But the answer they were waiting for, when it arrived, was not good. For a week the house was caught up in something of an uproar, buzzing from head to toe in the manner of an army preparing to pick up camp. Luggage was packed on Tuesday with the expectations that their journey could have begun as early as Wednesday morning, but by Thursday they still had not moved on, despite the welcoming weather and a gentle breeze swirling up and down the street outside their window. Come Friday it was readily apparent that the campaign was stalled, despite the enthusiasm of its participants.

Imagine, if you will, a purebred hound who has been promised release into the hunting fields after a long period of inactivity, and you will have the proper image of Bailey swept up in his coat and mantle, waiting by the door with his ears perked by every ring of the bell. Breakerfast would have accompanied him, for it was the opinion of his wife that such a trip would work wonders for his stagnated career and help him rise above his station in the world.

“I have done all I could,” she told Bailey. “But I am limited by my lot in life, which was cast with the best of opportunities in the beginning, but long squandered since. Perhaps you can lend him a hand, for even in his advanced age his is a keener mind for the position he has held, and the best and most loving man I know.”

“I promise to do everything I can,” said Bailey. “And he is not so old. If a man can rise to kingship before his twenties, I will make of him a knighthood yet at forty.” And to his promise they held on with eyes glued to the window for signs of news, until it arrived at last and their hopes were dashed to pieces.

“I don’t understand it,” cried Bailey in utter dismay as he tore at his hair. “I won’t understand it, but is this the end of my search?”

In his hands Breakerfast clutched the answers to their inquiries. Every single one of these replies seemed to tell them off their quest. The whaling ship had been lost at sea last year, with every hand onboard lost to the dreaded northern winds. There had been but one brother of the dead fiancée, whose broken heart took him out of country where his trail was lost. The broker of cab licenses pleaded innocence, for he was never an enemy of the giant; it was down to the examiner who readily gave his reasons for refusing Gasper a license on grounds that modern cabs were far too small and weak to be suited to a driver of his size. “There is a lead gone to waste,” said Breakerfast with his eyes on the note in his hands. “His examiner was a younger man still than our Owl, which seems to be a source of their strife. But that man’s character is infallible, and he is apparently headed for great things in his department.” And finally the favorite niece, as it turns out, resided overseas, has been for years beyond count, the last and latest sprout from a branch of the family tree which extends and encompasses all in question; the giant’s was an unfounded love on the last words of his parents, never fully met or realized.

“I am at wits end,” cried Bailey to Breakerfast, clutching the patrolman’s arm with open desperation. “Is there nothing more we can do?”

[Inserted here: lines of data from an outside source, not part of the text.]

section \<open>The two comparison inequalities in reduced form\<close>

lemma sin_sq_add_cross_le:
  fixes k A B h m :: real
  assumes k: "1 \<le> k" and A: "0 \<le> A" and AB: "k\<^sup>2 * A \<le> B"
    and h: "0 \<le> h" "h \<le> m" and km: "k * (m + h) < pi"
  shows "(A + (sin h)\<^sup>2) * (B + (sin (k * m))\<^sup>2) \<le> (B + (sin (k * h))\<^sup>2) * (A + (sin m)\<^sup>2)"
proof -
  have "m + h \<le> k * (m + h)" "m - h \<le> k * (m - h)" "k * (m - h) \<le> k * (m + h)"
    using k h by (auto simp: mult_le_cancel_right1 intro: mult_left_mono)
  then have angles: "0 \<le> m - h" "k * (m - h) \<le> pi" "m + h \<le> pi" "k * (m + h) \<le> pi"
    using h km by linarith+
  then have sin_nonneg: "0 \<le> sin (m + h)" "0 \<le> sin (m - h)"
      "0 \<le> sin (k * (m + h))" "0 \<le> sin (k * (m - h))"
    using h k by (auto intro!: sin_ge_zero)
  have "sin (k * (m + h)) * sin (k * (m - h)) \<le> (k * sin (m + h)) * (k * sin (m - h))"
    using sin_nonneg angles h k by (intro mult_mono sin_mult_le) auto
  then have Q_le_P: "(sin (k * m))\<^sup>2 - (sin (k * h))\<^sup>2 \<le> k\<^sup>2 * ((sin m)\<^sup>2 - (sin h)\<^sup>2)"
    unfolding sin_sq_diff by (simp add: algebra_simps power2_eq_square)
  have P: "0 \<le> (sin m)\<^sup>2 - (sin h)\<^sup>2"
    unfolding sin_sq_diff using sin_nonneg by simp
  have "A * ((sin (k * m))\<^sup>2 - (sin (k * h))\<^sup>2) \<le> A * (k\<^sup>2 * ((sin m)\<^sup>2 - (sin h)\<^sup>2))"
    using Q_le_P A by (rule mult_left_mono)
  also have "\<dots> = (k\<^sup>2 * A) * ((sin m)\<^sup>2 - (sin h)\<^sup>2)" by simp
  also have "\<dots> \<le> B * ((sin m)\<^sup>2 - (sin h)\<^sup>2)" using AB P by (rule mult_right_mono)
  finally have AB_part: "A * ((sin (k * m))\<^sup>2 - (sin (k * h))\<^sup>2) \<le> B * ((sin m)\<^sup>2 - (sin h)\<^sup>2)" .
  have km': "k * m < pi" using km mult_left_mono[of m "m + h" k] k h by linarith
  then have "sin h * sin (k * m) \<le> sin (k * h) * sin m"
    using k h by (intro sin_mult_ratio_antimono)
  moreover have "0 \<le> sin h" "0 \<le> sin (k * m)"
    using angles km' h k by (auto intro!: sin_ge_zero)
  ultimately have "(sin h * sin (k * m))\<^sup>2 \<le> (sin (k * h) * sin m)\<^sup>2"
    by (intro power_mono) auto
  with AB_part show ?thesis
    by (simp add: power_mult_distrib algebra_simps)
qed

text \<open>Here \<open>A\<close>, \<open>B\<close> play the roles of \<open>sinh\<^sup>2 l\<close>, \<open>sinh\<^sup>2 (k l)\<close>, and \<open>P\<^sub>i\<close>, \<open>Q\<^sub>i\<close> of the squared
  sines at scale \<open>1\<close> and \<open>k\<close>.\<close>
lemma cross_product_le_scaled:
  fixes A B P1 P2 Q1 Q2 K \<kappa> C :: real
  assumes A: "0 \<le> A" and B: "0 \<le> B" and C: "1 \<le> C" and \<kappa>: "0 \<le> \<kappa>"
    and P1: "0 \<le> P1" and Q1: "0 \<le> Q1"
    and AB: "B - K * A \<le> \<kappa> * A * B"
    and PQ: "Q1 * P2 \<le> C * P1 * Q2" and Q: "Q1 \<le> Q2"
    and KPQ: "K * P2 + Q1 \<le> C * Q2 + K * C * P1" and \<kappa>P: "\<kappa> * P2 \<le> C - 1"
  shows "(B + Q1) * (A + P2) \<le> C * (A + P1) * (B + Q2)"
proof -
  have diff: "C * (A + P1) * (B + Q2) - (B + Q1) * (A + P2)
      = (A * B * (C - 1) + A * (C * Q2 - Q1) + B * (C * P1 - P2)) + (C * P1 * Q2 - Q1 * P2)"
    by (simp add: algebra_simps)
  have "Q2 \<le> C * Q2" using C Q Q1 by (simp add: mult_le_cancel_right1)
  then have AQ: "0 \<le> A * (C * Q2 - Q1)" using A Q by simp
  have ABC: "0 \<le> A * B * (C - 1)" using A B C by simp
  have "0 \<le> A * B * (C - 1) + A * (C * Q2 - Q1) + B * (C * P1 - P2)"
  proof (cases "P2 \<le> C * P1")
    case True
    then show ?thesis using AQ ABC B by simp
  next
    case False
    then have P: "0 \<le> P2 - C * P1" by simp
    have "B * (P2 - C * P1) \<le> (K * A + \<kappa> * A * B) * (P2 - C * P1)"
      using AB P by (intro mult_right_mono) auto
    also have "\<dots> = A * (K * P2 - K * C * P1) + A * B * (\<kappa> * (P2 - C * P1))"
      by (simp add: algebra_simps)
    also have "\<dots> \<le> A * (C * Q2 - Q1) + A * B * (C - 1)"
    proof (intro add_mono mult_left_mono)
      have "\<kappa> * (P2 - C * P1) \<le> \<kappa> * P2" using \<kappa> C P1 by (simp add: right_diff_distrib)
      then show "\<kappa> * (P2 - C * P1) \<le> C - 1" using \<kappa>P by linarith
    qed (use KPQ A B in auto)
    finally show ?thesis unfolding right_diff_distrib by linarith
  qed
  then show ?thesis using diff PQ by linarith
qed

lemma sin_pi_div_two_mult_bounds:
  fixes k :: real
  assumes k: "1 \<le> k"
  shows "3 \<le> (sin (pi / (2 * k)))\<^sup>2 * (2 * k\<^sup>2 + 1)" and "1 \<le> k\<^sup>2 * (sin (pi / (2 * k)))\<^sup>2"
proof -
  have t: "0 < pi / (2 * k)" "pi / (2 * k) \<le> pi / 2" using k by (auto simp: field_simps)
  have "pi\<^sup>2 / (2 * (pi / (2 * k))\<^sup>2) = 2 * k\<^sup>2" using k by (simp add: power2_eq_square field_simps)
  then show w3: "3 \<le> (sin (pi / (2 * k)))\<^sup>2 * (2 * k\<^sup>2 + 1)" using sin_sq_lower_bound[OF t] by simp
  have "1 \<le> k\<^sup>2" using k by (simp add: one_le_power)
  then have "(sin (pi / (2 * k)))\<^sup>2 * (2 * k\<^sup>2 + 1) \<le> 3 * (k\<^sup>2 * (sin (pi / (2 * k)))\<^sup>2)"
    using mult_right_mono[of 1 "k\<^sup>2" "(sin (pi / (2 * k)))\<^sup>2"] by (simp add: algebra_simps)
  with w3 show "1 \<le> k\<^sup>2 * (sin (pi / (2 * k)))\<^sup>2" by linarith
qed

lemma sin_le_sin_pi_div_two_mult:
  fixes k m :: real
  assumes k: "1 \<le> k" and m: "0 \<le> m" and km: "k * m \<le> pi / 2"
  shows "sin m \<le> sin (pi / (2 * k)) * sin (k * m)"
proof -
  have "k * m \<le> k * (pi / (2 * k))" using km k by simp
  then have "m \<le> pi / (2 * k)" by (rule mult_left_le_imp_le) (use k in simp)
  then have "sin m * sin (k * (pi / (2 * k))) \<le> sin (k * m) * sin (pi / (2 * k))"
    using k m by (intro sin_mult_ratio_antimono) auto
  then show ?thesis using k by (simp add: mult.commute)
qed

“Your trail has gone cold, sadly enough,” said Breakerfast. “My lord, aside from the ship captain all others are culled by logic and distance, rising easily above suspicion. But if the captain has indeed met his demise he is now shielded from us by the greatest barrier of the natural world. I’m sorry, but I cannot think how we might continue our investigation.”

“But it was in this city which your Owl was most active during his career, was it not? Can we not hope to pick up on his scent in his own home?”

“Ah, but you have been here for weeks now, sir, on that very purpose. And how did your search end, if I might remind you?”

Bailey spent a moody moment recalling his adventures up until now.

“I spent my days asking the same question in every parlor, smokehouse and den I cared to visit, and in the end was rescued from certain death by the shadow of an enigma. I met you, and since then this is as close as I have ever gotten.”

“Alas I believe it is only all too easy for a man to become lost in a city of seven million, especially with time to worry away at his legacy until all evidence of his having been is destroyed, and his very presence obliterated.” Breakerfast, in a moment of impetuousness, embraced his guest out of pity. “At least, my lord, you have been spared a continental trip. And I as well, for I do not get on well with trains, and ships make me seasick even away from the water.”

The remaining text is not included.